Both Penn State and the Archdiocese of Philadelphia had strong incentives to keep talk of abuse quiet — reputations were at stake, after all. Both also had strong personalities at the top of their institutional hierarchies: whether it was the coach or the Cardinal, there was someone up above who had more power, and more responsibility.

How do we talk about moral culpability in these contexts? Where is the line between moral cowardice and moral courage?

Most of us would say: we know the line when we see it. The line is clear when you see a man raping a boy in a shower and you do nothing to stop it; the line is clear when you know about an abusive priest who has been reassigned. In those cases, it is cowardly to defer to those in authority; moral courage is the strength to put aside concerns about one’s own comfort and security in order to do what’s right.

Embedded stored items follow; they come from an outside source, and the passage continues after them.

(* Let $A$ be a finite-dimensional vector space with multiplications $\succ_A,\prec_A:A\otimes A\to A$, and define $x\circ_A y=x\succ_A y+x\prec_A y$ for all $x,y\in A$. Then the following statements are equivalent: (1) $(A,\succ_A,\prec_A)$ is an anti-pre-Leibniz algebra. (2) The identities (AL2), (AL3), (AL4) hold, together with $$(x\circ_A y)\succ_A z=x\prec_A(y\circ_A z)-y\prec_A(x\circ_A z),\quad\forall x,y,z\in A.$$ (3) $(A,\circ_A)$ is a Leibniz algebra and $(-\mathcal L_{\succ_A},-\mathcal R_{\prec_A},A)$ is a representation of $(A,\circ_A)$. (4) $(A,\circ_A)$ is a Leibniz algebra and $(-\mathcal L^*_{\succ_A},\mathcal L^*_{\succ_A}+\mathcal R^*_{\prec_A},A^* )$ is a representation of $(A,\circ_A)$.
   Context: All vector spaces are finite-dimensional over a field $\mathbb K$ of characteristic zero. For a multiplication $\ast$ on $A$, $\mathcal L_\ast(x)y=x\ast y$ and $\mathcal R_\ast(x)y=y\ast x$. For a linear map $f:A\to\mathrm{End}(V)$, $f^*:A\to\mathrm{End}(V^* )$ is defined by $\langle f^*(x)u^*,v\rangle=-\langle u^*,f(x)v\rangle$. A Leibniz algebra is a vector space $A$ with a multiplication $\circ_A$ satisfying $x\circ_A(y\circ_A z)=(x\circ_A y)\circ_A z+y\circ_A(x\circ_A z)$ for all $x,y,z$. A representation of a Leibniz algebra $(A,\circ_A)$ is a triple $(l,r,V)$ with $V$ a vector space and linear maps $l,r:A\to\mathrm{End}(V)$ such that for all $x,y\in A,v\in V$: $l(x\circ_A y)v=l(x)l(y)v-l(y)l(x)v$; $r(x\circ_A y)v=l(x)r(y)v-r(y)l(x)v$; $r(y)l(x)v=-r(y)r(x)v$. An anti-pre-Leibniz algebra is a vector space $A$ with multiplications $\succ_A,\prec_A$ such that, with $x\circ_A y=x\succ_A y+x\prec_A y$, for all $x,y,z\in A$: (AL1) $(x\circ_A y)\prec_A z=x\succ_A(y\circ_A z)-y\succ_A(x\circ_A z)$; (AL2) $(x\circ_A y)\succ_A z=y\succ_A(x\succ_A z)-x\succ_A(y\succ_A z)$; (AL3) $x\prec_A(y\circ_A z)=(y\succ_A x)\prec_A z-y\succ_A(x\prec_A z)$; (AL4) $(x\succ_A y)\prec_A z=-(y\prec_A x)\prec_A z$. *)

theory Defs
  imports Complex_Main "HOL-Library.Function_Algebras"
begin

(* A vector space over 'k is modelled as a type 'a::ab_group_add with a scalar
   multiplication scale satisfying the vector_space locale axioms.
   Multiplications are binary operations 'a => 'a => 'a. *)

definition bilinear_op :: "('k::field \<Rightarrow> 'a::ab_group_add \<Rightarrow> 'a) \<Rightarrow> ('a \<Rightarrow> 'a \<Rightarrow> 'a) \<Rightarrow> bool" where
  "bilinear_op scale m \<longleftrightarrow>
     (\<forall>x. Vector_Spaces.linear scale scale (m x)) \<and> (\<forall>y. Vector_Spaces.linear scale scale (\<lambda>x. m x y))"

definition circ_op :: "('a::plus \<Rightarrow> 'a \<Rightarrow> 'a) \<Rightarrow> ('a \<Rightarrow> 'a \<Rightarrow> 'a) \<Rightarrow> 'a \<Rightarrow> 'a \<Rightarrow> 'a" where
  "circ_op succ prec x y = succ x y + prec x y"

definition leibniz_algebra :: "('a::ab_group_add \<Rightarrow> 'a \<Rightarrow> 'a) \<Rightarrow> bool" where
  "leibniz_algebra m \<longleftrightarrow>
     (\<forall>x y z. m x (m y z) = m (m x y) z + m y (m x z))"

(* Representation (l, r, V) of a Leibniz algebra (A, m): V is the carrier (a subspace
   of the ambient module type 'w with scalar multiplication sV), l and r are linear
   maps A -> End(V), subject to the three identities. *)
definition leibniz_rep ::
  "('k::field \<Rightarrow> 'a::ab_group_add \<Rightarrow> 'a) \<Rightarrow> ('a \<Rightarrow> 'a \<Rightarrow> 'a) \<Rightarrow>
   ('k \<Rightarrow> 'w::ab_group_add \<Rightarrow> 'w) \<Rightarrow> 'w set \<Rightarrow>
   ('a \<Rightarrow> 'w \<Rightarrow> 'w) \<Rightarrow> ('a \<Rightarrow> 'w \<Rightarrow> 'w) \<Rightarrow> bool" where
  "leibniz_rep sA m sV V l r \<longleftrightarrow>
     (\<forall>x. \<forall>v\<in>V. l x v \<in> V \<and> r x v \<in> V) \<and>
     (\<forall>x. \<forall>v\<in>V. \<forall>w\<in>V. l x (v + w) = l x v + l x w \<and> r x (v + w) = r x v + r x w) \<and>
     (\<forall>x c. \<forall>v\<in>V. l x (sV c v) = sV c (l x v) \<and> r x (sV c v) = sV c (r x v)) \<and>
     (\<forall>x y. \<forall>v\<in>V. l (x + y) v = l x v + l y v \<and> r (x + y) v = r x v + r y v) \<and>
     (\<forall>x c. \<forall>v\<in>V. l (sA c x) v = sV c (l x v) \<and> r (sA c x) v = sV c (r x v)) \<and>
     (\<forall>x y. \<forall>v\<in>V.
        l (m x y) v = l x (l y v) - l y (l x v) \<and>
        r (m x y) v = l x (r y v) - r y (l x v) \<and>
        r y (l x v) = - r y (r x v))"

definition dual_space :: "('k::field \<Rightarrow> 'a::ab_group_add \<Rightarrow> 'a) \<Rightarrow> ('a \<Rightarrow> 'k) set" where
  "dual_space scale = {u. Vector_Spaces.linear scale ((*)) u}"

definition dual_scale :: "'k::field \<Rightarrow> ('a \<Rightarrow> 'k) \<Rightarrow> ('a \<Rightarrow> 'k)" where
  "dual_scale c u = (\<lambda>v. c * u v)"

definition dual_map :: "('a \<Rightarrow> 'v \<Rightarrow> 'v) \<Rightarrow> 'a \<Rightarrow> ('v \<Rightarrow> 'k::ab_group_add) \<Rightarrow> ('v \<Rightarrow> 'k)" where
  "dual_map f x u = (\<lambda>v. - u (f x v))"

definition left_mult :: "('a \<Rightarrow> 'a \<Rightarrow> 'a) \<Rightarrow> 'a \<Rightarrow> 'a \<Rightarrow> 'a" where
  "left_mult m x y = m x y"

definition right_mult :: "('a \<Rightarrow> 'a \<Rightarrow> 'a) \<Rightarrow> 'a \<Rightarrow> 'a \<Rightarrow> 'a" where
  "right_mult m x y = m y x"

definition anti_pre_leibniz :: "('a::ab_group_add \<Rightarrow> 'a \<Rightarrow> 'a) \<Rightarrow> ('a \<Rightarrow> 'a \<Rightarrow> 'a) \<Rightarrow> bool" where
  "anti_pre_leibniz succ prec \<longleftrightarrow>
     (\<forall>x y z. prec (circ_op succ prec x y) z
               = succ x (circ_op succ prec y z) - succ y (circ_op succ prec x z)) \<and>
     (\<forall>x y z. succ (circ_op succ prec x y) z = succ y (succ x z) - succ x (succ y z)) \<and>
     (\<forall>x y z. prec x (circ_op succ prec y z) = prec (succ y x) z - succ y (prec x z)) \<and>
     (\<forall>x y z. prec (succ x y) z = - prec (prec y x) z)"

end

theory Submission
  imports Defs
begin

(* Everything is governed by "defects" (left side minus right side) of the identities.
   Given (AL2)-(AL4), the defect D(y,x,z) of (AL1) is minus the defect of the identity
   in (2) at (x,y,z), and the Leibniz defect of \<circ> at (x,y,z) is D(y,x,z) - D(x,y,z);
   (AL4) makes D antisymmetric in x and y, so this is -2 D(x,y,z) and characteristic 0
   gives Leibniz <-> (AL1). The identities of the representation (-L, -R) on A are, term
   by term, the defects of (AL2), (AL3), (AL4) up to sign; on A^* they are these defects
   paired with a functional u, and linear functionals separate the points of A. *)

definition linear_action ::
  "('k::field \<Rightarrow> 'a::ab_group_add \<Rightarrow> 'a) \<Rightarrow> ('k \<Rightarrow> 'w::ab_group_add \<Rightarrow> 'w) \<Rightarrow> 'w set \<Rightarrow>
   ('a \<Rightarrow> 'w \<Rightarrow> 'w) \<Rightarrow> bool" where
  "linear_action sA sV V l \<longleftrightarrow>
     (\<forall>x. \<forall>v\<in>V. l x v \<in> V) \<and>
     (\<forall>x. \<forall>v\<in>V. \<forall>w\<in>V. l x (v + w) = l x v + l x w) \<and>
     (\<forall>x c. \<forall>v\<in>V. l x (sV c v) = sV c (l x v)) \<and>
     (\<forall>x y. \<forall>v\<in>V. l (x + y) v = l x v + l y v) \<and>
     (\<forall>x c. \<forall>v\<in>V. l (sA c x) v = sV c (l x v))"

definition leibniz_rep_identities ::
  "('a \<Rightarrow> 'a \<Rightarrow> 'a) \<Rightarrow> 'w set \<Rightarrow> ('a \<Rightarrow> 'w \<Rightarrow> 'w) \<Rightarrow> ('a \<Rightarrow> 'w \<Rightarrow> 'w::ab_group_add) \<Rightarrow> bool" where
  "leibniz_rep_identities m V l r \<longleftrightarrow>
     (\<forall>x y. \<forall>v\<in>V.
        l (m x y) v = l x (l y v) - l y (l x v) \<and>
        r (m x y) v = l x (r y v) - r y (l x v) \<and>
        r y (l x v) = - r y (r x v))"

lemma leibniz_rep_iff:
  "leibniz_rep sA m sV V l r \<longleftrightarrow>
     linear_action sA sV V l \<and> linear_action sA sV V r \<and> leibniz_rep_identities m V l r"
  unfolding leibniz_rep_def linear_action_def leibniz_rep_identities_def
  by (simp add: ball_conj_distrib all_conj_distrib conj_ac)

lemma vector_space_field_mult: "vector_space ((*) :: 'k::field \<Rightarrow> 'k \<Rightarrow> 'k)"
  by unfold_locales (auto simp: algebra_simps)

lemma bilinear_opD:
  assumes "bilinear_op scale m"
  shows "vector_space scale"
    and "m x (y + z) = m x y + m x z" "m x (scale c y) = scale c (m x y)"
    and "m (x + y) z = m x z + m y z" "m (scale c x) z = scale c (m x z)"
  using assms by (simp_all add: bilinear_op_def Vector_Spaces.linear_iff)

lemma linear_action_neg_left_mult:
  assumes "bilinear_op scale m"
  shows "linear_action scale scale UNIV (\<lambda>x. - left_mult m x)"
proof -
  interpret vector_space scale using bilinear_opD(1)[OF assms] .
  show ?thesis by (simp add: linear_action_def left_mult_def bilinear_opD[OF assms])
qed

lemma linear_action_neg_right_mult:
  assumes "bilinear_op scale m"
  shows "linear_action scale scale UNIV (\<lambda>x. - right_mult m x)"
proof -
  interpret vector_space scale using bilinear_opD(1)[OF assms] .
  show ?thesis by (simp add: linear_action_def right_mult_def bilinear_opD[OF assms])
qed

lemma linear_action_dual_neg_left_mult:
  assumes "bilinear_op scale s"
  shows "linear_action scale dual_scale (dual_space scale) (\<lambda>x. - dual_map (left_mult s) x)"
  using assms unfolding bilinear_op_def linear_action_def
  by (auto simp: dual_space_def Vector_Spaces.linear_iff dual_map_def left_mult_def dual_scale_def
      fun_eq_iff vector_space_field_mult)

lemma linear_action_dual_left_right:
  assumes "bilinear_op scale s" and "bilinear_op scale p"
  shows "linear_action scale dual_scale (dual_space scale)
           (\<lambda>x. dual_map (left_mult s) x + dual_map (right_mult p) x)"
  using assms unfolding bilinear_op_def linear_action_def
  by (auto simp: dual_space_def Vector_Spaces.linear_iff dual_map_def left_mult_def right_mult_def
      dual_scale_def fun_eq_iff vector_space_field_mult algebra_simps)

But if we can see the line clearly in instances of child rape, how clearly do we see the line in other contexts? How many of us can say that we have never turned away from the afflicted because it was simply easier to do so? How many of us can say that we have never let fear of power override the demands of conscience? With regard to the Lynn case, Commonweal’s Paul Moses raises the troubling question “what if Msgr. Lynn is right?” in order to probe the psychological and moral complexities of deciding whether to work within the system, or outside of it.

In Penn State and the Archdiocese of Philadelphia we now know that the system failed. As a society, we can apportion blame and accountability through criminal proceedings. But that is only part of a larger and often more difficult process of reform and reconciliation.

At Penn State, this process has just begun and waits for the findings of an internal investigation. In the Archdiocese of Philadelphia, Archbishop Charles Caput has thus far moved much more decisively than his predecessors in dealing with allegations of clerical sexual abuse.

But perhaps a fuller view of what reform and reconciliation might look like is emerging in Ireland. In preparing for the 50th InternationalEucharistic Congress, Cardinal Marc Ouellet went on a penitential pilgrimage to Lough Derg. By walking barefoot and fasting, Cardinal Ouellette was undertaking penance and making reparation on behalf of the Catholic hierarchy. In his homily at Lough Derg, Ouelette asked for forgiveness from the victims. Nowhere in evidence were the defensiveness and evasion that have so often characterized the Catholic church’s approach to clerical sexual abuse. Cardinal Ouellet’s efforts have been appropriately called “ a gesture,” for they are only a beginning. But honestly acknowledging moral cowardice can lead us to a fuller understanding of what moral courage can and does mean--both in extreme circumstances and in the normal, often unexamined, course of our daily lives

Mathew N. Schmalz teaches religious studies at the College of the Holy Cross in Worcester, Massachusetts.